Oh gez, thinking of you. Such a hard thing to do, but you know your little kitty is going to be at peace.


----------



## Ohiomom9977 (Jul 27, 2012)

His death was not calm & it was not peaceful. I'm feeling incredibly ****** right now. RIP sweet Stewart 7/1/02-5/2/13. You were so loved & will be so missed.









Sent from Petguide.com Free App


----------



## Seagodess (Dec 6, 2012)

I'm so sorry for your loss. He was a beautiful cat.


----------



## Zuca's mom (Aug 14, 2012)

I'm so sorry it did not go the way you thought it should have. I hope you can find some peace and comfort in knowing you did all you could for him. He was loved and you gave him the best home. Hugs to you.


----------



## Dallas Gold (Dec 22, 2007)

I am sorry. Remember you did this out of love. 

Sent from Petguide.com Free App


----------



## Brinkleythegolden (Jun 18, 2012)

Aww, I'm so sorry about Stewart. It's never easy.


----------



## Ohiomom9977 (Jul 27, 2012)

My husband was with our dog Bristol last year when we had to make this choice for him & he said it was very peaceful. I had a different expectation going in there. It must be different for cats. Even worse, no one I knew was working. It was a fill in vet, & a tech & receptionist that I'd never seen before. I just felt & still feel so very alone. Charlie just watched me clean his litter box & get rid of his food & stuff. I can tell he knows but just doesn't understand. 


Sent from Petguide.com Free App


----------



## Ohiomom9977 (Jul 27, 2012)

Here is a pic of our last dog Bristol & Stewart.
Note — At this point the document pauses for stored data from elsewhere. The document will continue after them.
(* For every prime power $q>2$ there is no linear $(q-1,q+1,q)$-AONT, i.e. no invertible $(q+1)\times(q+1)$ matrix over $\mathbb{F}_q$ all of whose $(q-1)\times(q-1)$ submatrices are invertible.
   Context: A linear $(t,s,q)$-AONT over $\mathbb{F}_q$ is given by an invertible $s\times s$ matrix $M$ over $\mathbb{F}_q$ (transform $(y_1,\dots,y_s)=(x_1,\dots,x_s)M^{-1}$); $M$ defines a linear $(t,s,q)$-AONT iff every $t\times t$ submatrix of $M$ is invertible. *)

theory Defs
  imports "Jordan_Normal_Form.DL_Submatrix"
begin

end

theory Submission
  imports Defs
begin

(* Jacobi's complementary minor theorem, in the direction needed: if every (q-1)x(q-1) submatrix
   of M is invertible, every 2x2 minor of N = M^-1 is nonzero. A vanishing 2x2 minor of N in rows
   i, k and columns a, b yields a nonzero combination w of the columns a, b of N vanishing at i and
   k; then M w lies in the span of e_a and e_b, so the submatrix of M without rows a, b and
   columns i, k kills the restriction of w.
   But a (q+1)x(q+1) matrix N over F_q with all 2x2 minors nonzero is singular. The ratios of two
   rows are injective on columns, so by pigeonhole row 0 has a zero, at a unique column c0. The
   vector x with x_c0 = 0 and x_j = 1/N_0j otherwise is in the kernel: row 0 of N x is q = 0, and
   any other row is a sum of q distinct ratios, i.e. the sum of all elements of F_q, which is 0
   for q > 2. *)

lemma of_nat_card_UNIV_eq_0: "of_nat (card (UNIV :: 'a set)) = (0 :: 'a :: {field,finite})"
proof -
  have "(\<Sum>x\<in>(UNIV :: 'a set). x + 1) = (\<Sum>x\<in>UNIV. x)"
    by (rule sum.reindex_bij_witness[of _ "\<lambda>x. x - 1" "\<lambda>x. x + 1"]) auto
  then show ?thesis
    by (simp add: sum.distrib)
qed

lemma sum_UNIV_field_eq_0:
  assumes "card (UNIV :: 'a set) > 2"
  shows "(\<Sum>x\<in>(UNIV :: 'a :: {field,finite} set). x) = 0"
proof -
  have "card {0 :: 'a, 1} \<le> 2"
    by (simp add: card_insert_if)
  then have "\<not> UNIV \<subseteq> {0 :: 'a, 1}"
    using card_mono[of "{0 :: 'a, 1}" UNIV] assms by auto
  then obtain a :: 'a where a: "a \<noteq> 0" "a \<noteq> 1"
    by blast
  have "(\<Sum>x\<in>(UNIV :: 'a set). a * x) = (\<Sum>x\<in>UNIV. x)"
    by (rule sum.reindex_bij_witness[of _ "\<lambda>x. x / a" "\<lambda>x. a * x"]) (use a in auto)
  then have "(a - 1) * (\<Sum>x\<in>(UNIV :: 'a set). x) = 0"
    by (simp add: sum_distrib_left left_diff_distrib sum_subtractf)
  then show ?thesis
    using a by simp
qed

lemma sum_inj_on_card_UNIV_eq_0:
  fixes f :: "'b \<Rightarrow> 'a :: {field,finite}"
  assumes "finite S" "inj_on f S" "card S = card (UNIV :: 'a set)" "card (UNIV :: 'a set) > 2"
  shows "sum f S = 0"
proof -
  have "f ` S = UNIV"
    using assms(2,3) by (simp add: card_image card_eq_UNIV_imp_eq_UNIV)
  then have "sum f S = (\<Sum>x\<in>(UNIV :: 'a set). x)"
    using sum.reindex[OF assms(2), of id] by simp
  then show ?thesis
    using sum_UNIV_field_eq_0 assms(4) by simp
qed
They are now together again









Sent from Petguide.com Free App


----------



## CAROLINA MOM (May 12, 2009)

I'm so sorry for your loss of Stewart, godspeed sweet boy.


----------



## kwhit (Apr 7, 2008)

I don't know what you experienced with your cat, but one of my cat's didn't seem to pass peacefully, either. But...I know he wasn't fully aware at the time. It sometimes happens that way.  It was difficult and made me very leery when I took my other cat in. He, however, had a very peaceful passing. I talked to my sister's vet, (who is a wonderful doctor), and he also said that it happens that way with some pets. But he also confirmed that they aren't aware, it just how their system reacts to the procedure. I'm so sorry for your loss of Stewart.


----------



## Mayve (Aug 21, 2012)

I'm so sorry for your loss.....I'm about to make that decision for my Cocker and it sucks monkey poo....hugs to you!


----------



## Ohiomom9977 (Jul 27, 2012)

kwhit said:


> I don't know what you experienced with your cat, but one of my cat's didn't seem to pass peacefully, either. But...I know he wasn't fully aware at the time. It sometimes happens that way.  It was difficult and made me very leery when I took my other cat in. He, however, had a very peaceful passing. I talked to my sister's vet, (who is a wonderful doctor), and he also said that it happens that way with some pets. But he also confirmed that they aren't aware, it just how their system reacts to the procedure. I'm so sorry for your loss of Stewart.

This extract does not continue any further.